[Task objective]:
Examine each line of the data. Copy those that contain the string "primrec".
*** Exercise inputs Section Begins ***
(* Let $R$ be a commutative ring with $1_R$ which is torsion free (an integral domain), let $M$ be a torsion free $R$-module, and let $\mathbf f$ be an endomorphism of $M$. Suppose: (b) $\mathbf f$ maps $\varphi_0(M)$ onto $\varphi_0(M)$; (d) $\varphi_\varepsilon(x)$, for $\varepsilon\le\varepsilon_*$, are formulas of $\mathscr{L}_{\infty,\aleph_0}(\tau_R)$ generated from atomic formulas by $\exists$ and $\wedge$ (existential positive); (e) $\langle\varphi_\varepsilon(M):\varepsilon\le\varepsilon_*\rangle$ is a $\subseteq$-decreasing continuous sequence of submodules of $M$; (f) $\varphi_{\varepsilon_*}(M)=\{0_M\}$; (g) for each $\varepsilon<\varepsilon_*$, $\varphi_\varepsilon(M)/\varphi_{\varepsilon+1}(M)$ is torsion free of rank $1$, hence isomorphic to a sub-$R$-module of $\mathbb Q_R$; (h) $x_\varepsilon\in\varphi_\varepsilon(M)\setminus\varphi_{\varepsilon+1}(M)$ for $\varepsilon<\varepsilon_*$; (i) $\varphi_0(M)=\mathrm{PC}_M(\{x_\varepsilon:\varepsilon<\varepsilon_*\})$. Then $\mathbf f\restriction\varphi_0(M)$ is one-to-one.
   Context: $\tau_R$ is the vocabulary of $R$-modules ($+,-,0$ and unary multiplication by each $r\in R$). $\mathbb Q_R$ is the field of fractions of $R$. A decreasing sequence indexed by $\varepsilon\le\varepsilon_*$ is continuous if at each limit $\delta$ the $\delta$-th term is the intersection of the earlier terms. A submodule $N\subseteq M$ is pure if $rN=rM\cap N$ for all $r\in R$; $\mathrm{PC}_M(Y)$ denotes the minimal pure submodule of $M$ containing $Y$. $\varphi(M)=\{a\in M:M\models\varphi[a]\}$. *)

theory Defs
  imports Complex_Main
begin

datatype 'r trm =
    Var nat
  | Zero
  | Plus "'r trm" "'r trm"
  | Minus "'r trm" "'r trm"
  | Neg "'r trm"
  | Smul 'r "'r trm"

text \<open>A conjunction is indexed by the (arbitrary)
  type 'i; smaller conjunctions are obtained by repetition.\<close>
datatype ('r, 'i) epform =
    Eq "'r trm" "'r trm"
  | Ex nat "('r, 'i) epform"
  | Conj "'i \<Rightarrow> ('r, 'i) epform"

primrec tfv :: "'r trm \<Rightarrow> nat set" where
  "tfv (Var n) = {n}"
| "tfv Zero = {}"
| "tfv (Plus s t) = tfv s \<union> tfv t"
| "tfv (Minus s t) = tfv s \<union> tfv t"
| "tfv (Neg t) = tfv t"
| "tfv (Smul r t) = tfv t"

primrec ffv :: "('r, 'i) epform \<Rightarrow> nat set" where
  "ffv (Eq s t) = tfv s \<union> tfv t"
| "ffv (Ex n \<phi>) = ffv \<phi> - {n}"
| "ffv (Conj g) = (\<Union>i. ffv (g i))"

primrec teval :: "('r \<Rightarrow> 'm::ab_group_add \<Rightarrow> 'm) \<Rightarrow> (nat \<Rightarrow> 'm) \<Rightarrow> 'r trm \<Rightarrow> 'm" where
  "teval sc v (Var n) = v n"
| "teval sc v Zero = 0"
| "teval sc v (Plus s t) = teval sc v s + teval sc v t"
| "teval sc v (Minus s t) = teval sc v s - teval sc v t"
| "teval sc v (Neg t) = - teval sc v t"
| "teval sc v (Smul r t) = sc r (teval sc v t)"

primrec sat :: "('r \<Rightarrow> 'm::ab_group_add \<Rightarrow> 'm) \<Rightarrow> ('r, 'i) epform \<Rightarrow> (nat \<Rightarrow> 'm) \<Rightarrow> bool" where
  "sat sc (Eq s t) = (\<lambda>v. teval sc v s = teval sc v t)"
| "sat sc (Ex n \<phi>) = (\<lambda>v. \<exists>a. sat sc \<phi> (v(n := a)))"
| "sat sc (Conj g) = (\<lambda>v. \<forall>i. sat sc (g i) v)"

text \<open>A formula phi(x) in the single free variable x = Var 0; phi(M) is the set it defines.\<close>
definition defset :: "('r \<Rightarrow> 'm::ab_group_add \<Rightarrow> 'm) \<Rightarrow> ('r, 'i) epform \<Rightarrow> 'm set" where
  "defset sc \<phi> = {a. sat sc \<phi> ((\<lambda>_. 0)(0 := a))}"

definition torsion_free_module :: "('r::idom \<Rightarrow> 'm::ab_group_add \<Rightarrow> 'm) \<Rightarrow> bool" where
  "torsion_free_module sc \<longleftrightarrow> (\<forall>r a. r \<noteq> 0 \<longrightarrow> sc r a = 0 \<longrightarrow> a = 0)"

definition pure_submodule :: "('r::comm_ring_1 \<Rightarrow> 'm::ab_group_add \<Rightarrow> 'm) \<Rightarrow> 'm set \<Rightarrow> bool" where
  "pure_submodule sc N \<longleftrightarrow> module.subspace sc N \<and>
     (\<forall>r. sc r ` N = sc r ` UNIV \<inter> N)"

definition PC :: "('r::comm_ring_1 \<Rightarrow> 'm::ab_group_add \<Rightarrow> 'm) \<Rightarrow> 'm set \<Rightarrow> 'm set" where
  "PC sc Y = \<Inter>{N. pure_submodule sc N \<and> Y \<subseteq> N}"

text \<open>The quotient A/B (B a submodule of A) is torsion free of rank 1:
  torsion free, nonzero, and any two elements are linearly dependent.\<close>
definition quot_tf_rank1 :: "('r::idom \<Rightarrow> 'm::ab_group_add \<Rightarrow> 'm) \<Rightarrow> 'm set \<Rightarrow> 'm set \<Rightarrow> bool" where
  "quot_tf_rank1 sc A B \<longleftrightarrow>
     (\<forall>r a. r \<noteq> 0 \<longrightarrow> a \<in> A \<longrightarrow> sc r a \<in> B \<longrightarrow> a \<in> B) \<and>
     (\<exists>a\<in>A. a \<notin> B) \<and>
     (\<forall>a\<in>A. \<forall>b\<in>A. \<exists>r s. (r \<noteq> 0 \<or> s \<noteq> 0) \<and> sc r a - sc s b \<in> B)"

definition osucc :: "'o::wellorder \<Rightarrow> 'o" where
  "osucc e = (LEAST e'. e < e')"

definition is_limit :: "'o::wellorder \<Rightarrow> bool" where
  "is_limit d \<longleftrightarrow> (\<exists>e. e < d) \<and> (\<forall>e<d. \<exists>e'. e < e' \<and> e' < d)"

end

(* Since the formulas are existential positive, f maps every phi_e(M) into itself and so
   induces an endomorphism of each rank-1 factor phi_e(M)/phi_(e+1)(M); such a map kills
   either nothing or everything.  Call a level degenerate if it kills everything.  By
   continuity every nonzero element of phi_0(M) has an exact level, and a nonzero kernel
   element would make its exact level degenerate.  But a degenerate level e has a
   degenerate predecessor: pick x in phi_e(M) - phi_(e+1)(M) and, by surjectivity, y with
   f y = x; the exact level of y is below e and degenerate too.  By well-foundedness no
   level is degenerate, so f is injective. *)

theory Submission
  imports Defs
begin

lemma teval_module_hom:
  assumes "module_hom s1 s2 f"
  shows "teval s2 (f \<circ> v) t = f (teval s1 v t)"
proof -
  interpret module_hom s1 s2 f by fact
  show ?thesis by (induction t) (simp_all add: add diff neg scale)
qed

lemma sat_module_hom:
  assumes "module_hom s1 s2 f" and "sat s1 \<phi> v"
  shows "sat s2 \<phi> (f \<circ> v)"
  using assms(2)
proof (induction \<phi> arbitrary: v)
  case (Eq s t)
  then show ?case by (simp add: teval_module_hom[OF assms(1), unfolded comp_def])
next
  case (Ex n \<phi>)
  then obtain a where "sat s1 \<phi> (v(n := a))" by auto
  from Ex.IH[OF this] have "sat s2 \<phi> ((f \<circ> v)(n := f a))"
    by (simp only: fun_upd_comp)
  then show ?case unfolding sat.simps by (rule exI)
next
  case (Conj g)
  then show ?case by auto
qed

lemma defset_module_hom:
  assumes "module_hom s1 s2 f"
  shows "f ` defset s1 \<phi> \<subseteq> defset s2 \<phi>"
proof
  fix b assume "b \<in> f ` defset s1 \<phi>"
  then obtain a where a: "sat s1 \<phi> ((\<lambda>_. 0)(0 := a))" and b: "b = f a"
    by (auto simp: defset_def)
  have "f \<circ> (\<lambda>_. 0)(0 := a) = (\<lambda>_. 0)(0 := f a)"
    using module_hom.zero[OF assms] by (auto simp: fun_eq_iff)
  with sat_module_hom[OF assms a] have "sat s2 \<phi> ((\<lambda>_. 0)(0 := f a))"
    by metis
  with b show "b \<in> defset s2 \<phi>"
    by (simp add: defset_def)
qed

lemma osucc_greater: "e < e' \<Longrightarrow> e < osucc e"
  unfolding osucc_def by (rule LeastI)

lemma osucc_least: "e < e' \<Longrightarrow> osucc e \<le> e'"
  unfolding osucc_def by (rule Least_le)

lemma not_limit_obtains_osucc:
  assumes "e < m" and "\<not> is_limit m"
  obtains d where "d < m" and "osucc d = m"
proof -
  from assms obtain d where d: "d < m" and no_between: "\<And>d'. d < d' \<Longrightarrow> \<not> d' < m"
    unfolding is_limit_def by blast
  have "osucc d = m"
    using osucc_least[OF d] no_between[OF osucc_greater[OF d]] by simp
  with d that show ?thesis by blast
qed

text \<open>The least index whose set misses y is neither bot nor, by continuity, a limit.\<close>

lemma exists_exact_level:
  fixes D :: "'o::{wellorder,order_bot} \<Rightarrow> 'a set"
  assumes continuous: "\<And>d. d \<le> l \<Longrightarrow> is_limit d \<Longrightarrow> D d = (\<Inter>e\<in>{e. e < d}. D e)"
    and "y \<in> D bot" and "y \<notin> D l"
  obtains d where "d < l" and "y \<in> D d" and "y \<notin> D (osucc d)"
proof -
  let ?S = "{e. e \<le> l \<and> y \<notin> D e}"
  define m where "m = (LEAST e. e \<in> ?S)"
  have "m \<in> ?S"
    unfolding m_def by (rule LeastI[of _ l]) (simp add: assms(3))
  then have m: "m \<le> l" "y \<notin> D m" by simp_all
  have below: "y \<in> D e" if "e < m" for e
  proof (rule ccontr)
    assume "y \<notin> D e"
    with that m(1) have "e \<in> ?S" by simp
    then have "m \<le> e" unfolding m_def by (rule Least_le)
    with that show False by simp
  qed
  have "m \<noteq> bot"
    using m(2) assms(2) by blast
  then have "bot < m"
    by (simp add: bot_less)
  moreover have "\<not> is_limit m"
  proof
    assume "is_limit m"
    moreover have "y \<in> (\<Inter>e\<in>{e. e < m}. D e)"
      using below by blast
    ultimately show False
      using continuous[OF m(1)] m(2) by blast
  qed
  ultimately obtain d where d: "d < m" and "osucc d = m"
    by (rule not_limit_obtains_osucc)
  moreover have "d < l"
    using d m(1) by (rule less_le_trans)
  ultimately show ?thesis
    using that below m(2) by blast
qed

text \<open>Any b in A satisfies r b - s a in B with r nonzero, since B is pure in A; apply f
  and use purity again.\<close>

lemma quot_tf_rank1_hom_vanishes:
  assumes hom: "module_hom sc sc f"
    and rank1: "quot_tf_rank1 sc A B" and B: "module.subspace sc B"
    and A_stable: "f ` A \<subseteq> A" and B_stable: "f ` B \<subseteq> B"
    and a: "a \<in> A" "a \<notin> B" "f a \<in> B"
  shows "f ` A \<subseteq> B"
proof
  interpret module_hom sc sc f by fact
  have pure: "c \<in> B" if "r \<noteq> 0" "c \<in> A" "sc r c \<in> B" for r c
    using rank1 that unfolding quot_tf_rank1_def by blast
  fix fb assume "fb \<in> f ` A"
  then obtain b where b: "b \<in> A" and fb: "fb = f b" by blast
  from rank1 b a(1) obtain r s where rs: "r \<noteq> 0 \<or> s \<noteq> 0" "sc r b - sc s a \<in> B"
    unfolding quot_tf_rank1_def by blast
  have "r \<noteq> 0"
  proof
    assume "r = 0"
    with rs have "s \<noteq> 0" and "sc s a \<in> B"
      using m1.subspace_neg[OF B] by fastforce+
    with pure a show False by blast
  qed
  have "sc r (f b) - sc s (f a) \<in> B"
    using B_stable rs(2) by (auto simp: diff scale)
  moreover have "sc s (f a) \<in> B"
    using m1.subspace_scale[OF B a(3)] .
  ultimately have "sc r (f b) \<in> B"
    using m1.subspace_add[OF B] by fastforce
  with pure[OF \<open>r \<noteq> 0\<close>] A_stable b fb show "fb \<in> B" by blast
qed

locale rank1_filtration =
  fixes sc :: "'r::idom \<Rightarrow> 'm::ab_group_add \<Rightarrow> 'm"
    and D :: "'o::{wellorder,order_bot} \<Rightarrow> 'm set"
    and estar :: 'o
  assumes module: "module sc"
    and subspace: "\<And>e. e \<le> estar \<Longrightarrow> module.subspace sc (D e)"
    and decreasing: "\<And>e e'. e \<le> e' \<Longrightarrow> e' \<le> estar \<Longrightarrow> D e' \<subseteq> D e"
    and continuous: "\<And>d. d \<le> estar \<Longrightarrow> is_limit d \<Longrightarrow> D d = (\<Inter>e\<in>{e. e < d}. D e)"
    and D_estar: "D estar = {0}"
    and rank1: "\<And>e. e < estar \<Longrightarrow> quot_tf_rank1 sc (D e) (D (osucc e))"

locale rank1_filtration_endo = rank1_filtration +
  fixes f :: "'m::ab_group_add \<Rightarrow> 'm"
  assumes hom: "module_hom sc sc f"
    and stable: "\<And>e. e \<le> estar \<Longrightarrow> f ` D e \<subseteq> D e"
begin

lemma exact_level:
  assumes "y \<in> D bot" and "y \<noteq> 0"
  obtains d where "d < estar" and "y \<in> D d" and "y \<notin> D (osucc d)"
proof -
  have "y \<notin> D estar"
    using assms(2) D_estar by simp
  with exists_exact_level[OF continuous assms(1)] that show thesis
    by blast
qed

lemma factor_vanishes_if_drops:
  assumes "e < estar" and "a \<in> D e" "a \<notin> D (osucc e)" "f a \<in> D (osucc e)"
  shows "f ` D e \<subseteq> D (osucc e)"
proof -
  have succ: "osucc e \<le> estar"
    using osucc_least[OF assms(1)] .
  show ?thesis
    using quot_tf_rank1_hom_vanishes[OF hom rank1[OF assms(1)] subspace[OF succ]
        stable[OF less_imp_le[OF assms(1)]] stable[OF succ] assms(2-4)] .
qed

text \<open>Infinite descent: a preimage of an element of exact level e has a strictly
  smaller exact level, at which the induced map vanishes as well.\<close>

lemma factor_not_vanishes:
  assumes surjective: "f ` D bot = D bot" and "e < estar"
  shows "\<not> f ` D e \<subseteq> D (osucc e)"
  using assms(2)
proof (induction e rule: less_induct)
  case (less e)
  show ?case
  proof
    assume vanishes: "f ` D e \<subseteq> D (osucc e)"
    obtain a where a: "a \<in> D e" "a \<notin> D (osucc e)"
      using rank1[OF less.prems] unfolding quot_tf_rank1_def by blast
    have "a \<in> D bot"
      using decreasing[OF bot_least less_imp_le[OF less.prems]] a(1) by blast
    then have "a \<in> f ` D bot"
      using surjective by simp
    then obtain y where y: "y \<in> D bot" "f y = a"
      by auto
    have "0 \<in> D (osucc e)"
      using module.subspace_0[OF module subspace[OF osucc_least[OF less.prems]]] .
    with a(2) y(2) have "y \<noteq> 0"
      using module_hom.zero[OF hom] by auto
    with y(1) obtain d where d: "d < estar" "y \<in> D d" "y \<notin> D (osucc d)"
      by (rule exact_level)
    show False
    proof (cases "e \<le> d")
      case True
      then have "y \<in> D e"
        using decreasing[OF True less_imp_le[OF d(1)]] d(2) by blast
      with vanishes y(2) a(2) show False by blast
    next
      case False
      then have "d < e" by simp
      have "D e \<subseteq> D (osucc d)"
        using decreasing[OF osucc_least[OF \<open>d < e\<close>] less_imp_le[OF less.prems]] .
      with a(1) y(2) have "f y \<in> D (osucc d)" by blast
      with less.IH[OF \<open>d < e\<close> d(1)] factor_vanishes_if_drops[OF d] show False by blast
    qed
  qed
qed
*** Exercise inputs Section Ends ***
[Solution to this task]:
primrec tfv :: "'r trm \<Rightarrow> nat set" where
primrec ffv :: "('r, 'i) epform \<Rightarrow> nat set" where
primrec teval :: "('r \<Rightarrow> 'm::ab_group_add \<Rightarrow> 'm) \<Rightarrow> (nat \<Rightarrow> 'm) \<Rightarrow> 'r trm \<Rightarrow> 'm" where
primrec sat :: "('r \<Rightarrow> 'm::ab_group_add \<Rightarrow> 'm) \<Rightarrow> ('r, 'i) epform \<Rightarrow> (nat \<Rightarrow> 'm) \<Rightarrow> bool" where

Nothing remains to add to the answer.